• [EXERCISE BRIEF]
The line containing "(\<forall>m' P'. growth_diagram" marks the end: output every line of the data up to it, and that line too, exactly as written.

• [Saved entries]
======

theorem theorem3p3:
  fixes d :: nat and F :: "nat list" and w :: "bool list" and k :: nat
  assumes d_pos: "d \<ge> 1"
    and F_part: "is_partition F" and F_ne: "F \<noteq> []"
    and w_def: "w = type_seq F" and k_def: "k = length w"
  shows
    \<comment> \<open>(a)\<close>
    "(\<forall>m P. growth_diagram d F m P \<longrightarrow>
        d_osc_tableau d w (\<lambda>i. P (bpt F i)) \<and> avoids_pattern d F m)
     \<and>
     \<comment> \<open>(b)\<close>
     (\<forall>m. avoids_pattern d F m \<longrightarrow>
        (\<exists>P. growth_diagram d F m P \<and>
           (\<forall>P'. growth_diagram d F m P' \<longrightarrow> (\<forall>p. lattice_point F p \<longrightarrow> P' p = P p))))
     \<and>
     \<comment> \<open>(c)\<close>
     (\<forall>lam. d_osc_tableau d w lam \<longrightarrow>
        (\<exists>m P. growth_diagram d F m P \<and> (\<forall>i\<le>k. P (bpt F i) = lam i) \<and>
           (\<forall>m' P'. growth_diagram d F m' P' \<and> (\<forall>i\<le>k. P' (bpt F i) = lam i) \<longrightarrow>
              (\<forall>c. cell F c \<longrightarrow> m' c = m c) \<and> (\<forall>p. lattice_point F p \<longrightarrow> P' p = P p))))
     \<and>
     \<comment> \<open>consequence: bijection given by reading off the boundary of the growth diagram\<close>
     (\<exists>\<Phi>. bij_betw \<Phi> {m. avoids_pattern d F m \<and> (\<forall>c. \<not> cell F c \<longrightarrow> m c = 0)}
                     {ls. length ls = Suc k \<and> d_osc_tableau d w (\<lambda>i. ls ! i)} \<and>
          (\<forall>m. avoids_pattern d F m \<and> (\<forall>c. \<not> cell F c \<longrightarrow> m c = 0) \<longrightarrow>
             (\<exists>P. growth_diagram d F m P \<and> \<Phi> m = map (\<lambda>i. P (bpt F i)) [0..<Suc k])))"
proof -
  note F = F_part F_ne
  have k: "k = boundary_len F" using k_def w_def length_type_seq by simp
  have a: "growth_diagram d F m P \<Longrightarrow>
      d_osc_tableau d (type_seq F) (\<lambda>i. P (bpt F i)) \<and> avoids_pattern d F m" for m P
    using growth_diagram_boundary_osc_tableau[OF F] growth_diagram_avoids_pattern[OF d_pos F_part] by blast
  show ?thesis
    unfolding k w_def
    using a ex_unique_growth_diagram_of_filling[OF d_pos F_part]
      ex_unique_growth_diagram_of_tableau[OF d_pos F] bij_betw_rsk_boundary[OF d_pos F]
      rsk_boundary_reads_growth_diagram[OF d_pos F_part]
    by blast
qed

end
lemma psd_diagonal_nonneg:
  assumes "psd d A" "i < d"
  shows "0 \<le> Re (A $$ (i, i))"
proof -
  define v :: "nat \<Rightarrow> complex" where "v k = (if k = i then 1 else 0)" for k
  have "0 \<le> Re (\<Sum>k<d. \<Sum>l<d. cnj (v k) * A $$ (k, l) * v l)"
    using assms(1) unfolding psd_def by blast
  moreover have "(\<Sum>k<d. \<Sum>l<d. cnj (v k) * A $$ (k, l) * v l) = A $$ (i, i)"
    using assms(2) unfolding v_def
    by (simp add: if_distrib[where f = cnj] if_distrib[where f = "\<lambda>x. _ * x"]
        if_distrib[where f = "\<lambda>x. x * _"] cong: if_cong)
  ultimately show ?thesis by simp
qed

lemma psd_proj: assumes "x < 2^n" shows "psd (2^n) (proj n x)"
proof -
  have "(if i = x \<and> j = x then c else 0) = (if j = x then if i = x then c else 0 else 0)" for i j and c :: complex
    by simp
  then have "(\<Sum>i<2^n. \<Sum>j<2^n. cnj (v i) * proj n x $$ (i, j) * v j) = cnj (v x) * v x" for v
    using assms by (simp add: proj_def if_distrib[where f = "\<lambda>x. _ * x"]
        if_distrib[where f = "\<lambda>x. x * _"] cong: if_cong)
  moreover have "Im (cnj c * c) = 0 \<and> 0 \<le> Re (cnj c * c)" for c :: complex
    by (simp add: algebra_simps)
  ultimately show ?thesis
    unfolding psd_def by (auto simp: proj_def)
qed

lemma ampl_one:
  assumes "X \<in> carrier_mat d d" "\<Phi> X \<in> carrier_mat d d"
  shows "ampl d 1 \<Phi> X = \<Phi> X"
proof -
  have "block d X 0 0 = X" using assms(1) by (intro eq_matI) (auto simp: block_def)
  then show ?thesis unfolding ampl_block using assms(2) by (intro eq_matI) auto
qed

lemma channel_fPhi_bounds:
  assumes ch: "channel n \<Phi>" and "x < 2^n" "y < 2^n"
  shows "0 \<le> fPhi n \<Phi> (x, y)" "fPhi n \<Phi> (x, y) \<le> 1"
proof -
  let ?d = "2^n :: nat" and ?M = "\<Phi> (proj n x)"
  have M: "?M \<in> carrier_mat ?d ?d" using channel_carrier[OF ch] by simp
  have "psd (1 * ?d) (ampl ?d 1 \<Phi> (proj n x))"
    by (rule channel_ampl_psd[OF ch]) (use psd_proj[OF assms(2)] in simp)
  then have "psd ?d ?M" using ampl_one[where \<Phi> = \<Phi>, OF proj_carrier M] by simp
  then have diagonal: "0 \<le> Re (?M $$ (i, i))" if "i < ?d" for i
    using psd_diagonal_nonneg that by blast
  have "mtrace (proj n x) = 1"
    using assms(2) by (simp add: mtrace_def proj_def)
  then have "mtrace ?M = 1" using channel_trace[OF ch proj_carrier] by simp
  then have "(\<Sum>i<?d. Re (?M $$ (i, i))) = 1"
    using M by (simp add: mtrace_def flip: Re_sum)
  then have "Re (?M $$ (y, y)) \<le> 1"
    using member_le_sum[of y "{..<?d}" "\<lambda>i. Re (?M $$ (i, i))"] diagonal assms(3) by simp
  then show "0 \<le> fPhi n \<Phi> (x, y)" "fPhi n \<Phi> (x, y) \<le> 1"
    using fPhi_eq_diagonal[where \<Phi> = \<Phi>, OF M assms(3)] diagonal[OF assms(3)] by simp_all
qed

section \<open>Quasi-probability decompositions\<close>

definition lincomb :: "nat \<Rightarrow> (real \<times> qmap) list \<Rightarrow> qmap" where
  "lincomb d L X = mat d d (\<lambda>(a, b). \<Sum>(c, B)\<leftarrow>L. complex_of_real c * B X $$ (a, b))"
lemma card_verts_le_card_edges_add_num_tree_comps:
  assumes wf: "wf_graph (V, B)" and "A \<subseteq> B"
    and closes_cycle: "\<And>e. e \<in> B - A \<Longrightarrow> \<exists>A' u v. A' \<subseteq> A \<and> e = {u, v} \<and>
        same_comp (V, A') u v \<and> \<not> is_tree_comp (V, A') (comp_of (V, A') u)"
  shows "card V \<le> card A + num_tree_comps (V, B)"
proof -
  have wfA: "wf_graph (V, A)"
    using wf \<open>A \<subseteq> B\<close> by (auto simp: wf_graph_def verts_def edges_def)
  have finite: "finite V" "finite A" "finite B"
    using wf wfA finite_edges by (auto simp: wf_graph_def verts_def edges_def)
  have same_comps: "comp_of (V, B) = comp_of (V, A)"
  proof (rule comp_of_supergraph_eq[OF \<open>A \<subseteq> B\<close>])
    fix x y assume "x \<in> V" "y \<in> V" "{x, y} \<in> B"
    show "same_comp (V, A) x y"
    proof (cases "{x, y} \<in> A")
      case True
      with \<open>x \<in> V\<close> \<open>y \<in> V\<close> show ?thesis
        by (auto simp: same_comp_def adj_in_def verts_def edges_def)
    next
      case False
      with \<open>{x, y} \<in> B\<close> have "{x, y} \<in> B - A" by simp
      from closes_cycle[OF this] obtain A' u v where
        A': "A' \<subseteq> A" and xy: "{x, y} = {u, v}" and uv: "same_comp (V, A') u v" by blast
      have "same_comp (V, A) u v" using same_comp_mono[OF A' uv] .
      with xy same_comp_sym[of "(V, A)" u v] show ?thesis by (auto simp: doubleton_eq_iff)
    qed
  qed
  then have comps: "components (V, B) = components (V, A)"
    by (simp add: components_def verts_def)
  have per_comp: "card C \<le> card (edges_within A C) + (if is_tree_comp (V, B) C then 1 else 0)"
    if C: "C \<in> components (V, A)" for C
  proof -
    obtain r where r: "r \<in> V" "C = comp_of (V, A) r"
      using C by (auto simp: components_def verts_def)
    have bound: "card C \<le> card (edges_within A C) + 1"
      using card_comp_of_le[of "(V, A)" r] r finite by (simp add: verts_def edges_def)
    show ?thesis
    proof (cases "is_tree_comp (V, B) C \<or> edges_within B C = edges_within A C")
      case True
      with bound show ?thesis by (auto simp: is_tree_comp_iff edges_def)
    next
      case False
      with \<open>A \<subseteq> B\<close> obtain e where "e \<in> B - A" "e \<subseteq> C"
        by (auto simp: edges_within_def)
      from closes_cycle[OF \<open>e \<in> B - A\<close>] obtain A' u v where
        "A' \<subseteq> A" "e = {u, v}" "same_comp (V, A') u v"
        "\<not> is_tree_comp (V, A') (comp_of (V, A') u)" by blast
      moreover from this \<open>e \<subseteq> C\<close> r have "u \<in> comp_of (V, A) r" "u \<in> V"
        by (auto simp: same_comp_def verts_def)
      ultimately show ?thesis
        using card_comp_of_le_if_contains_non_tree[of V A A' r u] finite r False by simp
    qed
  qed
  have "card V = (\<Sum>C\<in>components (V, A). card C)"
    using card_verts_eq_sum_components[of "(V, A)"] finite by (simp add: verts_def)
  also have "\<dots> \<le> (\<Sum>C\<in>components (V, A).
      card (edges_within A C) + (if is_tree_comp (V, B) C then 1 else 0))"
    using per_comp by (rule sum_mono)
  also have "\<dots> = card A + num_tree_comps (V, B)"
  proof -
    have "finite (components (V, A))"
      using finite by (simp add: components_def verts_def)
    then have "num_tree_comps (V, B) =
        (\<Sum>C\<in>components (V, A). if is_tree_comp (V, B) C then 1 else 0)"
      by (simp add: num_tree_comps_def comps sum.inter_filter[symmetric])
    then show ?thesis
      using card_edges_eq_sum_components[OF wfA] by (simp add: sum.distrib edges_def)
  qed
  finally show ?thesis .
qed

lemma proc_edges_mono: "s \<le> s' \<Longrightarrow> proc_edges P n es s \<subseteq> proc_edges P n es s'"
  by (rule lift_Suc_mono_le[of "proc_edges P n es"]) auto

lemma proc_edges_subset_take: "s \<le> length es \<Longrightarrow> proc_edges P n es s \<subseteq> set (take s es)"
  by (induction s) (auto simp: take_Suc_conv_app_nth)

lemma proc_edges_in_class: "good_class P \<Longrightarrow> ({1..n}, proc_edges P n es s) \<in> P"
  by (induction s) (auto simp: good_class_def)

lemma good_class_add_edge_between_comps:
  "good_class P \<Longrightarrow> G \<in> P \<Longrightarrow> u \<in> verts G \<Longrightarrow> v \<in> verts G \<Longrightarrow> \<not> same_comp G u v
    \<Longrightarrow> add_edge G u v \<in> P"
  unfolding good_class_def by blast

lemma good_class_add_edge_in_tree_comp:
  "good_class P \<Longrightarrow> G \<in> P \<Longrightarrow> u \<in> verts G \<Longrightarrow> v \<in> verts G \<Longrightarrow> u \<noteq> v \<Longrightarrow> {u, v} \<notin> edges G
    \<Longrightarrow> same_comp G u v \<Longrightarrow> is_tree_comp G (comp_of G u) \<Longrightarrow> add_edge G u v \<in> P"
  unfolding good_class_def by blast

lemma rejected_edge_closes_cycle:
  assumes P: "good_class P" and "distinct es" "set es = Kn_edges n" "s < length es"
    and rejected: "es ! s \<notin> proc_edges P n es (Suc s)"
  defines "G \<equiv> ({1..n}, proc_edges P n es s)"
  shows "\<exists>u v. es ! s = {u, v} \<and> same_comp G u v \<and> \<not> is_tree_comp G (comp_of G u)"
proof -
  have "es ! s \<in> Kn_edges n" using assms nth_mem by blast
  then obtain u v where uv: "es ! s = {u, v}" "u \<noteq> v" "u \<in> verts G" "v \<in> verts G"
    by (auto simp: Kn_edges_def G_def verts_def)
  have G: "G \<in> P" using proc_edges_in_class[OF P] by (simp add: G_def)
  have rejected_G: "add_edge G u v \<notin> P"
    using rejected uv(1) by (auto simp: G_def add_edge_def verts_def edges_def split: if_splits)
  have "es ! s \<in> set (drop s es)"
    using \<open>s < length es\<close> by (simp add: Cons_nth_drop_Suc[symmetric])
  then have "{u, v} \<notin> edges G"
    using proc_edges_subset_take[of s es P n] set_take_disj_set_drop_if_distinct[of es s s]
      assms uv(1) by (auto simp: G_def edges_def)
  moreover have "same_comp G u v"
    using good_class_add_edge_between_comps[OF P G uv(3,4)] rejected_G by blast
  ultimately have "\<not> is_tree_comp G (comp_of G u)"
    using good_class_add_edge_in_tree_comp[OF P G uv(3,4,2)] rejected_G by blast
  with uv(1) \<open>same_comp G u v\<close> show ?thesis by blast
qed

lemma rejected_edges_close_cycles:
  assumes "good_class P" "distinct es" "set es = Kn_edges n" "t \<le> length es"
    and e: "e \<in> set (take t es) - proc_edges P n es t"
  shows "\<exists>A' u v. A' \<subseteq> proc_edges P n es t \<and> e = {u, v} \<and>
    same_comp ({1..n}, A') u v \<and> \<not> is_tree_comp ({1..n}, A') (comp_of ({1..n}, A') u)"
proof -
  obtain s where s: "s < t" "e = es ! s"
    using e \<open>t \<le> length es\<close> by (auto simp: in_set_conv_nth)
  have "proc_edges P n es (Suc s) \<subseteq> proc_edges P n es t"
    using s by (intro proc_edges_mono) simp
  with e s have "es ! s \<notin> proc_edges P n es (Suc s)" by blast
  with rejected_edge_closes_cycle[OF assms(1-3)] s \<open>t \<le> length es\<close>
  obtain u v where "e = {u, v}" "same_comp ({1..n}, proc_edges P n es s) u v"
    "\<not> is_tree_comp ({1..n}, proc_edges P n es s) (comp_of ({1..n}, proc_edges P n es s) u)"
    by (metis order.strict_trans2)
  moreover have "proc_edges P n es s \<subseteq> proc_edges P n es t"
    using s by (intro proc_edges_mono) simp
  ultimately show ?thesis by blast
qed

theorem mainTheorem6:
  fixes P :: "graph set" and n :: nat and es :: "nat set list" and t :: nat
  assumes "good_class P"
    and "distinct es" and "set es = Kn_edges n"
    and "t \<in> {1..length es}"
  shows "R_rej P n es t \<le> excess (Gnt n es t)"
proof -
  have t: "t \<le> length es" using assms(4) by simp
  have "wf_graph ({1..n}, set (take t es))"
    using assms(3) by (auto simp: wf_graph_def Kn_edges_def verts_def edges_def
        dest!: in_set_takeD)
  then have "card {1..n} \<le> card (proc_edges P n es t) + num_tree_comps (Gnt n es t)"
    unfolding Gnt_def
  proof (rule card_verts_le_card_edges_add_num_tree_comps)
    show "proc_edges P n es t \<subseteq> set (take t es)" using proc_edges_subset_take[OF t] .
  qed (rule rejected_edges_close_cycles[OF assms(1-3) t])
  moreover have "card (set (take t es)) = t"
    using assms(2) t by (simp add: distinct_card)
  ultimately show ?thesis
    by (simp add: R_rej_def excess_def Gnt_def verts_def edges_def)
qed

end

======

• [FINISHED TASK]
theorem theorem3p3:
  fixes d :: nat and F :: "nat list" and w :: "bool list" and k :: nat
  assumes d_pos: "d \<ge> 1"
    and F_part: "is_partition F" and F_ne: "F \<noteq> []"
    and w_def: "w = type_seq F" and k_def: "k = length w"
  shows
    \<comment> \<open>(a)\<close>
    "(\<forall>m P. growth_diagram d F m P \<longrightarrow>
        d_osc_tableau d w (\<lambda>i. P (bpt F i)) \<and> avoids_pattern d F m)
     \<and>
     \<comment> \<open>(b)\<close>
     (\<forall>m. avoids_pattern d F m \<longrightarrow>
        (\<exists>P. growth_diagram d F m P \<and>
           (\<forall>P'. growth_diagram d F m P' \<longrightarrow> (\<forall>p. lattice_point F p \<longrightarrow> P' p = P p))))
     \<and>
     \<comment> \<open>(c)\<close>
     (\<forall>lam. d_osc_tableau d w lam \<longrightarrow>
        (\<exists>m P. growth_diagram d F m P \<and> (\<forall>i\<le>k. P (bpt F i) = lam i) \<and>
           (\<forall>m' P'. growth_diagram d F m' P' \<and> (\<forall>i\<le>k. P' (bpt F i) = lam i) \<longrightarrow>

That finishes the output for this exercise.